Assigned task -> After locating the line that contains "using assms unfolding is_cong_iff by blast+" in the following entries, reproduce it and each later line exactly, including the last.

Exercise material ->

(* Let $S$ be a monoid. Then (1) the ternary commutator $[1,1,1]$ is the smallest congruence $\delta$ of $S$ such that $S/\delta$ embeds into a $2$-nilpotent group; (2) $[1,1,1]$ equals the smallest cancellative congruence of $S$ containing $[[1,1],1]\vee[1,[1,1]]$, equals the smallest cancellative congruence containing $[[1,1],1]$, and equals the smallest cancellative congruence containing $\rho_2$.
   Context: Commutators are those of the semigroup $(S,\cdot)$: for congruences $\alpha_1,\dots,\alpha_k$, $M(\alpha_1,\dots,\alpha_k)$ is the subsemigroup of $S^{\{0,1\}^k}$ generated by all $g$ such that for some $i$ and $(a,b)\in\alpha_i$, $g(x)=a$ if $x_i=0$ and $g(x)=b$ if $x_i=1$; $[\alpha_1,\dots,\alpha_k]$ is the smallest congruence $\delta$ such that for all $f\in M(\alpha_1,\dots,\alpha_k)$: if $(f(x0),f(x1))\in\delta$ for all $x\in\{0,1\}^{k-1}\setminus\{(1,\dots,1)\}$ then $(f(1,\dots,1,0),f(1,\dots,1,1))\in\delta$. $1$ is the total congruence. A congruence $\sigma$ is cancellative if $S/\sigma$ is cancellative. $q_1(x,y,z)=xy$, $q_2(x,y,z)=xyz_1yx$, and $\rho_2$ is the congruence generated by all pairs $(xyz_1yx,\ yxz_1xy)$ with $x,y,z_1\in S$. A $2$-nilpotent group has nilpotency class at most $2$. *)

theory Defs
  imports Main "HOL-Algebra.Group"
begin

definition is_cong :: "('a::monoid_mult \<times> 'a) set \<Rightarrow> bool" where
  "is_cong \<theta> \<longleftrightarrow> equiv UNIV \<theta> \<and>
     (\<forall>a b c d. (a, b) \<in> \<theta> \<longrightarrow> (c, d) \<in> \<theta> \<longrightarrow> (a * c, b * d) \<in> \<theta>)"

definition cong_gen :: "('a::monoid_mult \<times> 'a) set \<Rightarrow> ('a \<times> 'a) set" where
  "cong_gen R = \<Inter>{\<theta>. is_cong \<theta> \<and> R \<subseteq> \<theta>}"

definition cong_join :: "('a::monoid_mult \<times> 'a) set \<Rightarrow> ('a \<times> 'a) set \<Rightarrow> ('a \<times> 'a) set" where
  "cong_join \<alpha> \<beta> = cong_gen (\<alpha> \<union> \<beta>)"

definition total_cong :: "('a::monoid_mult \<times> 'a) set" where
  "total_cong = UNIV"

text \<open>Points of the cube {0,1}^k are bool lists of length k (False = 0, True = 1).
  Elements of S^{{0,1}^k} are functions on bool lists; values outside length k are fixed to 1.\<close>

definition comm_gens :: "('a::monoid_mult \<times> 'a) set list \<Rightarrow> (bool list \<Rightarrow> 'a) set" where
  "comm_gens \<alpha>s = {g. \<exists>i < length \<alpha>s. \<exists>a b. (a, b) \<in> \<alpha>s ! i \<and>
      g = (\<lambda>x. if length x = length \<alpha>s then (if x ! i then b else a) else 1)}"

inductive_set comm_M :: "('a::monoid_mult \<times> 'a) set list \<Rightarrow> (bool list \<Rightarrow> 'a) set"
  for \<alpha>s where
  gen: "g \<in> comm_gens \<alpha>s \<Longrightarrow> g \<in> comm_M \<alpha>s"
| mult: "f \<in> comm_M \<alpha>s \<Longrightarrow> g \<in> comm_M \<alpha>s \<Longrightarrow> (\<lambda>x. f x * g x) \<in> comm_M \<alpha>s"

definition term_cond :: "('a::monoid_mult \<times> 'a) set list \<Rightarrow> ('a \<times> 'a) set \<Rightarrow> bool" where
  "term_cond \<alpha>s \<delta> \<longleftrightarrow> (\<forall>f \<in> comm_M \<alpha>s.
     (\<forall>x. length x = length \<alpha>s - 1 \<and> x \<noteq> replicate (length \<alpha>s - 1) True
          \<longrightarrow> (f (x @ [False]), f (x @ [True])) \<in> \<delta>)
     \<longrightarrow> (f (replicate (length \<alpha>s - 1) True @ [False]),
          f (replicate (length \<alpha>s - 1) True @ [True])) \<in> \<delta>)"

definition commutator :: "('a::monoid_mult \<times> 'a) set list \<Rightarrow> ('a \<times> 'a) set" where
  "commutator \<alpha>s = \<Inter>{\<delta>. is_cong \<delta> \<and> term_cond \<alpha>s \<delta>}"

definition cancellative_cong :: "('a::monoid_mult \<times> 'a) set \<Rightarrow> bool" where
  "cancellative_cong \<sigma> \<longleftrightarrow> is_cong \<sigma> \<and>
     (\<forall>a b c. (a * c, b * c) \<in> \<sigma> \<longrightarrow> (a, b) \<in> \<sigma>) \<and>
     (\<forall>a b c. (c * a, c * b) \<in> \<sigma> \<longrightarrow> (a, b) \<in> \<sigma>)"

definition canc_gen :: "('a::monoid_mult \<times> 'a) set \<Rightarrow> ('a \<times> 'a) set" where
  "canc_gen R = \<Inter>{\<sigma>. cancellative_cong \<sigma> \<and> R \<subseteq> \<sigma>}"

definition rho2 :: "('a::monoid_mult \<times> 'a) set" where
  "rho2 = cong_gen {(x * y * z * y * x, y * x * z * x * y) | x y z. True}"

definition nilpotent2_group :: "('g, 'b) monoid_scheme \<Rightarrow> bool" where
  "nilpotent2_group G \<longleftrightarrow> group G \<and>
     (\<forall>x \<in> carrier G. \<forall>y \<in> carrier G. \<forall>z \<in> carrier G.
        (inv\<^bsub>G\<^esub> x \<otimes>\<^bsub>G\<^esub> inv\<^bsub>G\<^esub> y \<otimes>\<^bsub>G\<^esub> x \<otimes>\<^bsub>G\<^esub> y) \<otimes>\<^bsub>G\<^esub> z
        = z \<otimes>\<^bsub>G\<^esub> (inv\<^bsub>G\<^esub> x \<otimes>\<^bsub>G\<^esub> inv\<^bsub>G\<^esub> y \<otimes>\<^bsub>G\<^esub> x \<otimes>\<^bsub>G\<^esub> y))"

text \<open>S/delta embeds into G: a semigroup homomorphism S -> G whose kernel is exactly delta.\<close>
definition quot_embeds_into :: "('a::monoid_mult \<times> 'a) set \<Rightarrow> ('g, 'b) monoid_scheme \<Rightarrow> bool" where
  "quot_embeds_into \<delta> G \<longleftrightarrow> (\<exists>h. (\<forall>x. h x \<in> carrier G) \<and>
     (\<forall>x y. h (x * y) = h x \<otimes>\<^bsub>G\<^esub> h y) \<and>
     (\<forall>x y. h x = h y \<longleftrightarrow> (x, y) \<in> \<delta>))"

end

(* Write T = [1,1,1]. The ternary term condition, applied to suitable products of generators
   of M(1,1,1), shows that S/T is cancellative and satisfies Mal'cev's identity
   xyzyx = yxzxy. Its instance z = 1 is an Ore condition, so S/T has a group of right
   fractions, and the identity makes that group nilpotent of class two.
   Conversely, in a class-two group G the image of any f in M(a,b,c) on the cube has the normal
   form A(x1) B(x2) C(x3) P(x1,x2) Q(x1,x3) R(x2,x3) with P, Q, R central, which gives the
   ternary term condition for the kernel of every homomorphism S -> G; hence T is the least
   congruence with S/T embeddable into such a group. Modulo the centre G is abelian, so [1,1]
   maps into the centre; this puts [[1,1],1] and [1,[1,1]] below T. Finally the Mal'cev pairs
   already lie in [[1,1],1] and in rho2, so every cancellative congruence containing either
   of them contains T. *)

theory Submission
  imports Defs "HOL-Library.Function_Algebras"
begin

section \<open>Congruences and commutators\<close>

lemma is_cong_iff:
  "is_cong \<theta> \<longleftrightarrow> (\<forall>a. (a, a) \<in> \<theta>) \<and> (\<forall>a b. (a, b) \<in> \<theta> \<longrightarrow> (b, a) \<in> \<theta>) \<and>
     (\<forall>a b c. (a, b) \<in> \<theta> \<longrightarrow> (b, c) \<in> \<theta> \<longrightarrow> (a, c) \<in> \<theta>) \<and>
     (\<forall>a b c d. (a, b) \<in> \<theta> \<longrightarrow> (c, d) \<in> \<theta> \<longrightarrow> (a * c, b * d) \<in> \<theta>)"
  unfolding is_cong_def equiv_def refl_on_def sym_on_def trans_on_def by simp

lemma is_congI:
  assumes "\<And>a. (a, a) \<in> \<theta>" "\<And>a b. (a, b) \<in> \<theta> \<Longrightarrow> (b, a) \<in> \<theta>"
    "\<And>a b c. (a, b) \<in> \<theta> \<Longrightarrow> (b, c) \<in> \<theta> \<Longrightarrow> (a, c) \<in> \<theta>"
    "\<And>a b c d. (a, b) \<in> \<theta> \<Longrightarrow> (c, d) \<in> \<theta> \<Longrightarrow> (a * c, b * d) \<in> \<theta>"
  shows "is_cong (\<theta> :: ('a::monoid_mult \<times> 'a) set)"
  using assms unfolding is_cong_iff by blast

lemma is_congD:
  assumes "is_cong \<theta>"
  shows is_cong_refl: "(a, a) \<in> \<theta>"
    and is_cong_sym: "(a, b) \<in> \<theta> \<Longrightarrow> (b, a) \<in> \<theta>"
    and is_cong_trans: "(a, b) \<in> \<theta> \<Longrightarrow> (b, c) \<in> \<theta> \<Longrightarrow> (a, c) \<in> \<theta>"
    and is_cong_mult: "(a, b) \<in> \<theta> \<Longrightarrow> (c, d) \<in> \<theta> \<Longrightarrow> (a * c, b * d) \<in> \<theta>"
  using assms unfolding is_cong_iff by blast+

lemma is_cong_Inter: "(\<And>\<theta>. \<theta> \<in> A \<Longrightarrow> is_cong \<theta>) \<Longrightarrow> is_cong (\<Inter>A)"
  by (rule is_congI) (auto dest: is_congD)

lemma is_cong_kernel:
  assumes "\<And>x y. h (x * y) = f (h x) (h y)"
  shows "is_cong {(x :: 'a::monoid_mult, y). h x = h y}"
  by (rule is_congI) (auto simp: assms)

lemma is_cong_commutator: "is_cong (commutator \<alpha>s)"
  unfolding commutator_def by (rule is_cong_Inter) auto

lemma term_cond_commutator: "term_cond \<alpha>s (commutator \<alpha>s)"
  unfolding term_cond_def commutator_def by blast

lemma commutator_least: "is_cong \<delta> \<Longrightarrow> term_cond \<alpha>s \<delta> \<Longrightarrow> commutator \<alpha>s \<subseteq> \<delta>"
  unfolding commutator_def by blast

lemma cong_gen_upper: "R \<subseteq> cong_gen R"
  unfolding cong_gen_def by blast

lemma cong_gen_least: "is_cong \<theta> \<Longrightarrow> R \<subseteq> \<theta> \<Longrightarrow> cong_gen R \<subseteq> \<theta>"
  unfolding cong_gen_def by blast

lemma cancellative_cong_canc_gen: "cancellative_cong (canc_gen R)"
proof -
  have "is_cong (canc_gen R)"
    unfolding canc_gen_def by (rule is_cong_Inter) (simp add: cancellative_cong_def)
  moreover have "(a, b) \<in> canc_gen R" if "(a * c, b * c) \<in> canc_gen R" for a b c
    using that unfolding canc_gen_def cancellative_cong_def by blast
  moreover have "(a, b) \<in> canc_gen R" if "(c * a, c * b) \<in> canc_gen R" for a b c
    using that unfolding canc_gen_def cancellative_cong_def by blast
  ultimately show ?thesis unfolding cancellative_cong_def by blast
qed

Worked solution ->
  using assms unfolding is_cong_iff by blast+

lemma is_cong_Inter: "(\<And>\<theta>. \<theta> \<in> A \<Longrightarrow> is_cong \<theta>) \<Longrightarrow> is_cong (\<Inter>A)"
  by (rule is_congI) (auto dest: is_congD)

lemma is_cong_kernel:
  assumes "\<And>x y. h (x * y) = f (h x) (h y)"
  shows "is_cong {(x :: 'a::monoid_mult, y). h x = h y}"
  by (rule is_congI) (auto simp: assms)

lemma is_cong_commutator: "is_cong (commutator \<alpha>s)"
  unfolding commutator_def by (rule is_cong_Inter) auto

lemma term_cond_commutator: "term_cond \<alpha>s (commutator \<alpha>s)"
  unfolding term_cond_def commutator_def by blast

lemma commutator_least: "is_cong \<delta> \<Longrightarrow> term_cond \<alpha>s \<delta> \<Longrightarrow> commutator \<alpha>s \<subseteq> \<delta>"
  unfolding commutator_def by blast

lemma cong_gen_upper: "R \<subseteq> cong_gen R"
  unfolding cong_gen_def by blast

lemma cong_gen_least: "is_cong \<theta> \<Longrightarrow> R \<subseteq> \<theta> \<Longrightarrow> cong_gen R \<subseteq> \<theta>"
  unfolding cong_gen_def by blast

lemma cancellative_cong_canc_gen: "cancellative_cong (canc_gen R)"
proof -
  have "is_cong (canc_gen R)"
    unfolding canc_gen_def by (rule is_cong_Inter) (simp add: cancellative_cong_def)
  moreover have "(a, b) \<in> canc_gen R" if "(a * c, b * c) \<in> canc_gen R" for a b c
    using that unfolding canc_gen_def cancellative_cong_def by blast
  moreover have "(a, b) \<in> canc_gen R" if "(c * a, c * b) \<in> canc_gen R" for a b c
    using that unfolding canc_gen_def cancellative_cong_def by blast
  ultimately show ?thesis unfolding cancellative_cong_def by blast
qed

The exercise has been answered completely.